Concordia Shanghai Newsroom

How Art Education Cultivates Creative and Critical Thinking Skills

Written by Celia Kim Gibson | Oct 27, 2022 7:47:44 AM

When the goal of art education is to enhance holistic education with meaningful content while considering the whole child as they develop over time, then there will be life-long learning and endless successes.

The artistic process is authentically based on the development of thinking skills and a balance between creative and critical thinking is encouraged. Inquiry-based, conceptual, and experiential learning are means to develop 21st Century skills, and art is a powerful facilitator that supports and promotes learning through inquiry, enabling higher order thinking skills to be developed. 

 

Concordia International School Shanghai’s art department strives to provide instructional, conceptual, and contextual content that will have an effect on learning outcomes both deep and wide. A full spectrum of tools and techniques are reviewed and extended each year within a spiral curriculum which builds upon prior knowledge and skill sets. This approach allows for deeper learning and broader experience as students connect various content and construct life-long skills. 

Each unit begins with an aspect termed ‘Explore Before’ where students are encouraged to explore, sample, test, stretch limits, and experience the properties of matter and materials as well as recognize the limitations of specific art mediums.  

Concordia considers and applies a standards-based art curriculum based on the United States’ National Core Arts Standards (Creating, Presenting, Responding, and Connecting). Assessment guides planning by using Understanding by Design framework. The Art Department uses a variety of formal and informal assessment tools and strategies to attain a holistic view of students’ comprehension and learning. Student Self-assessment and Reflection offers insight into their unique perception and outlook and directs their future artistic goals. Open-ended tasks, process-focused assessment, and performance-based assessment are guided and determined using criteria-based rubrics. Final art creations, digital portfolios and art journal entries serve as continuums. 

Preparing students for life-long success

Art is interrelated to all academic disciplines therefore provides an opportunity for integration and extension. The STEM to STEAM movement is becoming quite evident in education and the “A” is for Art! Art integration takes place at Concordia Shanghai within the art room itself. The art department is very proud of its accomplishments of authentic art integration and ensures that each unit has some form of integration to academic subject matters, including science, social studies, technology, engineering, and math. Students even have an area of the art room called ‘The Test Strip’ where they are free to test, repair, adjust, and retest uniquely made constructs that arise from their own creative ideas.  

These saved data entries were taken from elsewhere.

(* Let $\Phi$ be the set of formulas of $NOM$ and let $[\![\cdot]\!]:\Phi\to\mathcal Q$ be an interpretation into an orthomodular lattice $\mathcal Q$. If for all formulas $\phi,\psi$ we have $[\![\phi\wedge\psi]\!]=[\![\phi]\!]\wedge[\![\psi]\!]$, $[\![\phi\rightarrow\psi]\!]=[\![\phi]\!]\rightarrow[\![\psi]\!]$, and $[\![\neg\phi]\!]=\neg[\![\phi]\!]$, then all the rules of inference of $NOM$ are sound in this interpretation.
   Context: The propositional deductive system $NOM$: formulas are built from propositional letters using $\wedge$, $\rightarrow$, $\neg$. Sequents are $\phi_1,\ldots,\phi_n\vdash\psi$ ($n\ge0$) with antecedent a finite ordered sequence. With $\Gamma$ a finite possibly empty sequence of formulas and $\phi,\psi,\chi$ formulas, the rules of $NOM$ are: (assumption) $\Gamma,\phi\vdash\phi$; (cut) $\Gamma\vdash\phi$, $\Gamma,\phi\vdash\psi$ $\Rightarrow$ $\Gamma\vdash\psi$; (paste) $\Gamma\vdash\phi$, $\Gamma\vdash\psi$ $\Rightarrow$ $\Gamma,\phi\vdash\psi$; (compatible exchange) $\Gamma,\phi,\psi\vdash\phi$, $\Gamma,\phi,\psi\vdash\chi$, $\Gamma,\psi,\phi\vdash\psi$ $\Rightarrow$ $\Gamma,\psi,\phi\vdash\chi$; ($\wedge$-intro) $\Gamma\vdash\phi$, $\Gamma\vdash\psi$ $\Rightarrow$ $\Gamma\vdash\phi\wedge\psi$; ($\wedge$-elim) $\Gamma\vdash\phi\wedge\psi$ $\Rightarrow$ $\Gamma\vdash\phi$ and $\Rightarrow$ $\Gamma\vdash\psi$; ($\rightarrow$-intro) $\Gamma,\phi\vdash\psi$ $\Rightarrow$ $\Gamma\vdash\phi\rightarrow\psi$; ($\rightarrow$-elim) $\Gamma\vdash\phi\rightarrow\psi$ $\Rightarrow$ $\Gamma,\phi\vdash\psi$; (excluded middle) $\Gamma,\phi\vdash\psi$, $\Gamma,\neg\phi\vdash\psi$ $\Rightarrow$ $\Gamma\vdash\psi$; (explosion) $\Gamma\vdash\neg\phi$ $\Rightarrow$ $\Gamma,\phi\vdash\psi$. An orthomodular lattice is a bounded lattice with an order-reversing involution $\neg$ satisfying $a\wedge\neg a=\bot$, $a\vee\neg a=\top$, and $a\le b\Rightarrow a\vee(\neg a\wedge b)=b$. In it, $a\mathbin{\&}b=(a\vee\neg b)\wedge b$ and $a\rightarrow b=\neg a\vee(a\wedge b)$; $\&$ associates to the left and $a_1\mathbin{\&}\cdots\mathbin{\&}a_n=\top$ when $n=0$. An interpretation is any function $[\![\cdot]\!]:\Phi\to\mathcal Q$ into an orthomodular lattice. A sequent $\phi_1,\ldots,\phi_n\vdash\psi$ is true in it if $[\![\phi_1]\!]\mathbin{\&}\cdots\mathbin{\&}[\![\phi_n]\!]\le[\![\psi]\!]$; a rule of inference is sound if, in every instance, its conclusion is true whenever all its premises are true. *)

theory Defs
  imports Main
begin

datatype 'p form = Letter 'p | And "'p form" "'p form" | Imp "'p form" "'p form" | Neg "'p form"

definition orthomodular :: "('a::bounded_lattice \<Rightarrow> 'a) \<Rightarrow> bool" where
  "orthomodular neg \<longleftrightarrow>
     (\<forall>a b. a \<le> b \<longrightarrow> neg b \<le> neg a) \<and>
     (\<forall>a. neg (neg a) = a) \<and>
     (\<forall>a. inf a (neg a) = bot) \<and>
     (\<forall>a. sup a (neg a) = top) \<and>
     (\<forall>a b. a \<le> b \<longrightarrow> sup a (inf (neg a) b) = b)"

definition sand :: "('a::bounded_lattice \<Rightarrow> 'a) \<Rightarrow> 'a \<Rightarrow> 'a \<Rightarrow> 'a" where
  "sand neg a b = inf (sup a (neg b)) b"

definition oimp :: "('a::bounded_lattice \<Rightarrow> 'a) \<Rightarrow> 'a \<Rightarrow> 'a \<Rightarrow> 'a" where
  "oimp neg a b = sup (neg a) (inf a b)"

fun sands :: "('a::bounded_lattice \<Rightarrow> 'a) \<Rightarrow> 'a list \<Rightarrow> 'a" where
  "sands neg [] = top"
| "sands neg (x # xs) = foldl (sand neg) x xs"

definition seq_true :: "('a::bounded_lattice \<Rightarrow> 'a) \<Rightarrow> ('p form \<Rightarrow> 'a) \<Rightarrow> 'p form list \<Rightarrow> 'p form \<Rightarrow> bool" where
  "seq_true neg I \<Gamma> \<psi> \<longleftrightarrow> sands neg (map I \<Gamma>) \<le> I \<psi>"

end

theory Submission
  imports Defs
begin

(* Everything rests on the Sasaki projection s & a = (s \<squnion> \<not>a) \<sqinter> a, through
   which an antecedent is read from left to right.  It is left adjoint to the Sasaki hook
   (s & a \<le> b iff s \<le> a \<rightarrow> b), which gives both implication rules; it fixes
   s when s \<le> a (cut and paste) and vanishes when s \<le> \<not>a (explosion).  The
   orthomodular law, in the form "a \<le> b and b \<sqinter> \<not>a = \<bottom> imply a = b", shows
   that s & a & b = s & (a \<sqinter> b) once s & a & b \<le> a (compatible exchange), and
   that s \<le> (s & a) \<squnion> (s & \<not>a) (excluded middle). *)

lemma sands_snoc: "sands neg (xs @ [y]) = sand neg (sands neg xs) y"
  by (cases xs) (auto simp: sand_def)

lemma sands_snoc_snoc: "sands neg (xs @ [y, z]) = sand neg (sand neg (sands neg xs) y) z"
  using sands_snoc[of neg "xs @ [y]" z] by (simp add: sands_snoc)

locale orthomodular_lattice =
  fixes neg :: "'a::bounded_lattice \<Rightarrow> 'a"
  assumes orthomodular: "orthomodular neg"
begin

lemma neg_neg [simp]: "neg (neg a) = a"
  using orthomodular unfolding orthomodular_def by blast

lemma neg_antimono: "a \<le> b \<Longrightarrow> neg b \<le> neg a"
  using orthomodular unfolding orthomodular_def by blast

lemma neg_le_neg_iff [simp]: "neg a \<le> neg b \<longleftrightarrow> b \<le> a"
  using neg_antimono[of "neg a" "neg b"] neg_antimono[of b a] by auto

lemma inf_neg [simp]: "inf a (neg a) = bot"
  using orthomodular unfolding orthomodular_def by blast

lemma orthomodular_law: "a \<le> b \<Longrightarrow> sup a (inf (neg a) b) = b"
  using orthomodular unfolding orthomodular_def by blast

lemma neg_sup: "neg (sup a b) = inf (neg a) (neg b)"
proof (rule antisym)
  show "neg (sup a b) \<le> inf (neg a) (neg b)"
    by (simp add: neg_antimono)
  have "sup a b \<le> neg (inf (neg a) (neg b))"
    by (metis neg_le_neg_iff neg_neg inf.cobounded1 inf.cobounded2 le_sup_iff)
  then show "inf (neg a) (neg b) \<le> neg (sup a b)"
    by (metis neg_le_neg_iff neg_neg)
qed

lemma neg_inf: "neg (inf a b) = sup (neg a) (neg b)"
  by (metis neg_sup neg_neg)

lemma inf_sup_neg_absorb:
  assumes "a \<le> b"
  shows "inf b (sup a (neg b)) = a"
proof -
  have "sup (neg b) (inf b (neg a)) = neg a"
    using orthomodular_law[of "neg b" "neg a"] assms by simp
  then have "neg (sup (neg b) (inf b (neg a))) = a"
    by simp
  then show ?thesis
    by (simp add: neg_sup neg_inf sup_commute)
qed

lemma orthomodular_eqI:
  assumes "a \<le> b" and "inf b (neg a) = bot"
  shows "a = b"
  using orthomodular_law[OF assms(1)] assms(2) by (simp add: inf_commute)

lemma sand_le_right: "sand neg s a \<le> a"
  by (simp add: sand_def)

lemma le_sup_sand_neg: "s \<le> sup (sand neg s a) (neg a)"
proof -
  have "sup (neg a) (inf a (sup s (neg a))) = sup s (neg a)"
    using orthomodular_law[of "neg a" "sup s (neg a)"] by simp
  then show ?thesis
    by (metis sand_def inf_commute sup_commute sup.cobounded1)
qed

lemma sand_eq_left: "s \<le> a \<Longrightarrow> sand neg s a = s"
  by (simp add: sand_def inf_commute inf_sup_neg_absorb)

lemma sand_eq_bot: "s \<le> neg a \<Longrightarrow> sand neg s a = bot"
  by (simp add: sand_def sup_absorb2 inf_commute)

lemma sand_le_iff_le_oimp: "sand neg s a \<le> b \<longleftrightarrow> s \<le> oimp neg a b"
proof
  assume "sand neg s a \<le> b"
  then have "sand neg s a \<le> inf a b"
    by (simp add: sand_le_right)
  then have "sup (sand neg s a) (neg a) \<le> oimp neg a b"
    by (simp add: oimp_def le_supI2)
  then show "s \<le> oimp neg a b"
    using le_sup_sand_neg order_trans by blast
next
  assume "s \<le> oimp neg a b"
  then have "sand neg s a \<le> inf (sup (inf a b) (neg a)) a"
    unfolding sand_def oimp_def by (simp add: le_infI1 sup_commute)
  also have "\<dots> = inf a b"
    using inf_sup_neg_absorb[of "inf a b" a] by (simp add: inf_commute)
  finally show "sand neg s a \<le> b"
    by simp
qed

lemma sand_sand_eq_sand_inf:
  assumes "sand neg (sand neg t a) b \<le> a"
  shows "sand neg (sand neg t a) b = sand neg t (inf a b)"
proof (rule antisym)
  let ?x = "sand neg (sand neg t a) b" and ?m = "inf a b"
  have x_le_m: "?x \<le> ?m"
    using assms sand_le_right by simp
  have "t \<le> sup (sand neg t a) (neg a)"
    by (rule le_sup_sand_neg)
  also have "sand neg t a \<le> sup ?x (neg b)"
    by (rule le_sup_sand_neg)
  finally have "t \<le> sup (sup ?x (neg b)) (neg a)"
    by (simp add: le_supI1)
  then have "t \<le> sup ?x (neg ?m)"
    by (simp add: neg_inf sup_assoc sup_commute sup_left_commute)
  then have "sup t (neg ?m) \<le> sup ?x (neg ?m)"
    by simp
  then have "sand neg t ?m \<le> inf ?m (sup ?x (neg ?m))"
    unfolding sand_def by (subst inf_commute) (rule inf_mono[OF order_refl])
  also have "\<dots> = ?x"
    using inf_sup_neg_absorb[OF x_le_m] .
  finally show "sand neg t ?m \<le> ?x" .
  have "sand neg t a \<le> sup t (neg a)"
    by (simp add: sand_def)
  then have "?x \<le> sup (sup t (neg a)) (neg b)"
    unfolding sand_def[of neg "sand neg t a"] by (meson inf.coboundedI1 sup.mono order_refl)
  then have "?x \<le> sup t (neg ?m)"
    by (simp add: neg_inf sup_assoc)
  with x_le_m show "?x \<le> sand neg t ?m"
    by (simp add: sand_def)
qed

lemma le_sup_sand_sand_neg: "s \<le> sup (sand neg s a) (sand neg s (neg a))"
proof -
  let ?p = "sand neg s a" and ?q = "sand neg s (neg a)"
  let ?z = "inf (sup ?p (neg a)) (sup ?q a)"
  have p_le: "?p \<le> a" and q_le: "?q \<le> neg a"
    using sand_le_right by auto
  have "inf ?z (neg ?p) \<le> inf (neg ?p) (sup (neg a) ?p)"
    by (simp add: le_infI1 sup_commute)
  also have "\<dots> = neg a"
    using inf_sup_neg_absorb[of "neg a" "neg ?p"] p_le by simp
  finally have z_p: "inf ?z (neg ?p) \<le> neg a" .
  have "inf ?z (neg ?q) \<le> inf (neg ?q) (sup a ?q)"
    by (simp add: le_infI1 sup_commute)
  also have "\<dots> = a"
    using inf_sup_neg_absorb[of a "neg ?q"] q_le by (metis neg_le_neg_iff neg_neg)
  finally have z_q: "inf ?z (neg ?q) \<le> a" .
  have "inf ?z (neg (sup ?p ?q)) = inf (inf ?z (neg ?p)) (inf ?z (neg ?q))"
    by (simp add: neg_sup inf_assoc inf_commute inf_left_commute)
  also have "\<dots> \<le> inf (neg a) a"
    using z_p z_q by (rule inf_mono)
  finally have "inf ?z (neg (sup ?p ?q)) = bot"
    by (simp add: inf_commute bot_unique)
  moreover have "sup ?p ?q \<le> ?z"
    using p_le q_le by (simp add: le_supI1 le_supI2)
  ultimately have "sup ?p ?q = ?z"
    by (simp add: orthomodular_eqI)
  moreover have "s \<le> ?z"
    using le_sup_sand_neg[of s a] le_sup_sand_neg[of s "neg a"] by simp
  ultimately show ?thesis
    by simp
qed

end

theorem theorem3p5:
  fixes neg :: "'a::bounded_lattice \<Rightarrow> 'a" and I :: "'p form \<Rightarrow> 'a"
  assumes oml: "orthomodular neg"
    and hand: "\<And>\<phi> \<psi>. I (And \<phi> \<psi>) = inf (I \<phi>) (I \<psi>)"
    and himp: "\<And>\<phi> \<psi>. I (Imp \<phi> \<psi>) = oimp neg (I \<phi>) (I \<psi>)"
    and hneg: "\<And>\<phi>. I (Neg \<phi>) = neg (I \<phi>)"
  shows
    \<comment> \<open>assumption\<close>
    "(\<forall>\<Gamma> \<phi>. seq_true neg I (\<Gamma> @ [\<phi>]) \<phi>) \<and>
     \<comment> \<open>cut\<close>
     (\<forall>\<Gamma> \<phi> \<psi>. seq_true neg I \<Gamma> \<phi> \<longrightarrow> seq_true neg I (\<Gamma> @ [\<phi>]) \<psi> \<longrightarrow> seq_true neg I \<Gamma> \<psi>) \<and>
     \<comment> \<open>paste\<close>
     (\<forall>\<Gamma> \<phi> \<psi>. seq_true neg I \<Gamma> \<phi> \<longrightarrow> seq_true neg I \<Gamma> \<psi> \<longrightarrow> seq_true neg I (\<Gamma> @ [\<phi>]) \<psi>) \<and>
     \<comment> \<open>compatible exchange\<close>
     (\<forall>\<Gamma> \<phi> \<psi> \<chi>. seq_true neg I (\<Gamma> @ [\<phi>, \<psi>]) \<phi> \<longrightarrow> seq_true neg I (\<Gamma> @ [\<phi>, \<psi>]) \<chi> \<longrightarrow>
        seq_true neg I (\<Gamma> @ [\<psi>, \<phi>]) \<psi> \<longrightarrow> seq_true neg I (\<Gamma> @ [\<psi>, \<phi>]) \<chi>) \<and>
     \<comment> \<open>and-intro\<close>
     (\<forall>\<Gamma> \<phi> \<psi>. seq_true neg I \<Gamma> \<phi> \<longrightarrow> seq_true neg I \<Gamma> \<psi> \<longrightarrow> seq_true neg I \<Gamma> (And \<phi> \<psi>)) \<and>
     \<comment> \<open>and-elim (both)\<close>
     (\<forall>\<Gamma> \<phi> \<psi>. seq_true neg I \<Gamma> (And \<phi> \<psi>) \<longrightarrow> seq_true neg I \<Gamma> \<phi>) \<and>
     (\<forall>\<Gamma> \<phi> \<psi>. seq_true neg I \<Gamma> (And \<phi> \<psi>) \<longrightarrow> seq_true neg I \<Gamma> \<psi>) \<and>
     \<comment> \<open>imp-intro\<close>
     (\<forall>\<Gamma> \<phi> \<psi>. seq_true neg I (\<Gamma> @ [\<phi>]) \<psi> \<longrightarrow> seq_true neg I \<Gamma> (Imp \<phi> \<psi>)) \<and>
     \<comment> \<open>imp-elim\<close>
     (\<forall>\<Gamma> \<phi> \<psi>. seq_true neg I \<Gamma> (Imp \<phi> \<psi>) \<longrightarrow> seq_true neg I (\<Gamma> @ [\<phi>]) \<psi>) \<and>
     \<comment> \<open>excluded middle\<close>
     (\<forall>\<Gamma> \<phi> \<psi>. seq_true neg I (\<Gamma> @ [\<phi>]) \<psi> \<longrightarrow> seq_true neg I (\<Gamma> @ [Neg \<phi>]) \<psi> \<longrightarrow> seq_true neg I \<Gamma> \<psi>) \<and>
     \<comment> \<open>explosion\<close>
     (\<forall>\<Gamma> \<phi> \<psi>. seq_true neg I \<Gamma> (Neg \<phi>) \<longrightarrow> seq_true neg I (\<Gamma> @ [\<phi>]) \<psi>)"
proof -
  interpret orthomodular_lattice neg
    by (fact orthomodular_lattice.intro[OF oml])
  have assumption: "seq_true neg I (\<Gamma> @ [\<phi>]) \<phi>" for \<Gamma> \<phi>
    by (simp add: seq_true_def sands_snoc sand_le_right)
  have cut_paste: "seq_true neg I (\<Gamma> @ [\<phi>]) \<psi> \<longleftrightarrow> seq_true neg I \<Gamma> \<psi>"
    if "seq_true neg I \<Gamma> \<phi>" for \<Gamma> \<phi> \<psi>
    using that by (simp add: seq_true_def sands_snoc sand_eq_left)
  have exchange: "seq_true neg I (\<Gamma> @ [\<psi>, \<phi>]) \<chi>"
    if "seq_true neg I (\<Gamma> @ [\<phi>, \<psi>]) \<phi>" "seq_true neg I (\<Gamma> @ [\<phi>, \<psi>]) \<chi>"
      "seq_true neg I (\<Gamma> @ [\<psi>, \<phi>]) \<psi>" for \<Gamma> \<phi> \<psi> \<chi>
    using that sand_sand_eq_sand_inf[of "sands neg (map I \<Gamma>)" "I \<phi>" "I \<psi>"]
      sand_sand_eq_sand_inf[of "sands neg (map I \<Gamma>)" "I \<psi>" "I \<phi>"]
    by (simp add: seq_true_def sands_snoc_snoc inf_commute)
  have and_rules: "seq_true neg I \<Gamma> (And \<phi> \<psi>) \<longleftrightarrow> seq_true neg I \<Gamma> \<phi> \<and> seq_true neg I \<Gamma> \<psi>"
    for \<Gamma> \<phi> \<psi>
    by (simp add: seq_true_def hand)
  have imp_rules: "seq_true neg I \<Gamma> (Imp \<phi> \<psi>) \<longleftrightarrow> seq_true neg I (\<Gamma> @ [\<phi>]) \<psi>"
    for \<Gamma> \<phi> \<psi>
    by (simp add: seq_true_def sands_snoc himp sand_le_iff_le_oimp)
  have excluded_middle: "seq_true neg I \<Gamma> \<psi>"
    if "seq_true neg I (\<Gamma> @ [\<phi>]) \<psi>" "seq_true neg I (\<Gamma> @ [Neg \<phi>]) \<psi>" for \<Gamma> \<phi> \<psi>
    using that le_sup_sand_sand_neg[of "sands neg (map I \<Gamma>)" "I \<phi>"]
    by (simp add: seq_true_def sands_snoc hneg) (meson le_sup_iff order_trans)
  have explosion: "seq_true neg I (\<Gamma> @ [\<phi>]) \<psi>" if "seq_true neg I \<Gamma> (Neg \<phi>)" for \<Gamma> \<phi> \<psi>
    using that by (simp add: seq_true_def sands_snoc hneg sand_eq_bot)
  show ?thesis
    by (simp add: assumption cut_paste and_rules imp_rules explosion)
      (blast intro: exchange excluded_middle)
qed

end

There are also components of the art curriculum which enable valid connections to be made with literacy, social and emotional development, and multiple-language learning, and Concordia’s Schoolwide Learner Outcomes (SLOs), as well. 

Often, I am asked why students love art so much, and most assume it is only because it’s fun. However, when asking students, their answers would surprise you. It is often that they feel challenged, they seek personal expression, want positive inspiration and affirmation, and express a desire to learn more about themselves. 

The visual arts prepare students for the world in which they live! Concordia students are offered a wide variety of art mediums and materials to explore concept-based learning, including drawing and mark-making tools, paints, ceramics, sculpture, printmaking, fibers arts and technology in art where unique learning experiences and challenging circumstances authentically create real-life connections which will empower and prepare students for any life situation that arises.  

 

At Concordia, art students are active, not passive, learners and participate fully in their own learning experience. This theory of knowledge acquisition is called ‘constructivism’ as student ‘construct’ their own meaning and develop their world view through association and interaction. 

All in all, the personal growth that takes place during the artistic process is invaluable to the student as growth and development is a process that can be acknowledged throughout a student’s entire educational journey from early childhood to grade 12 and beyond.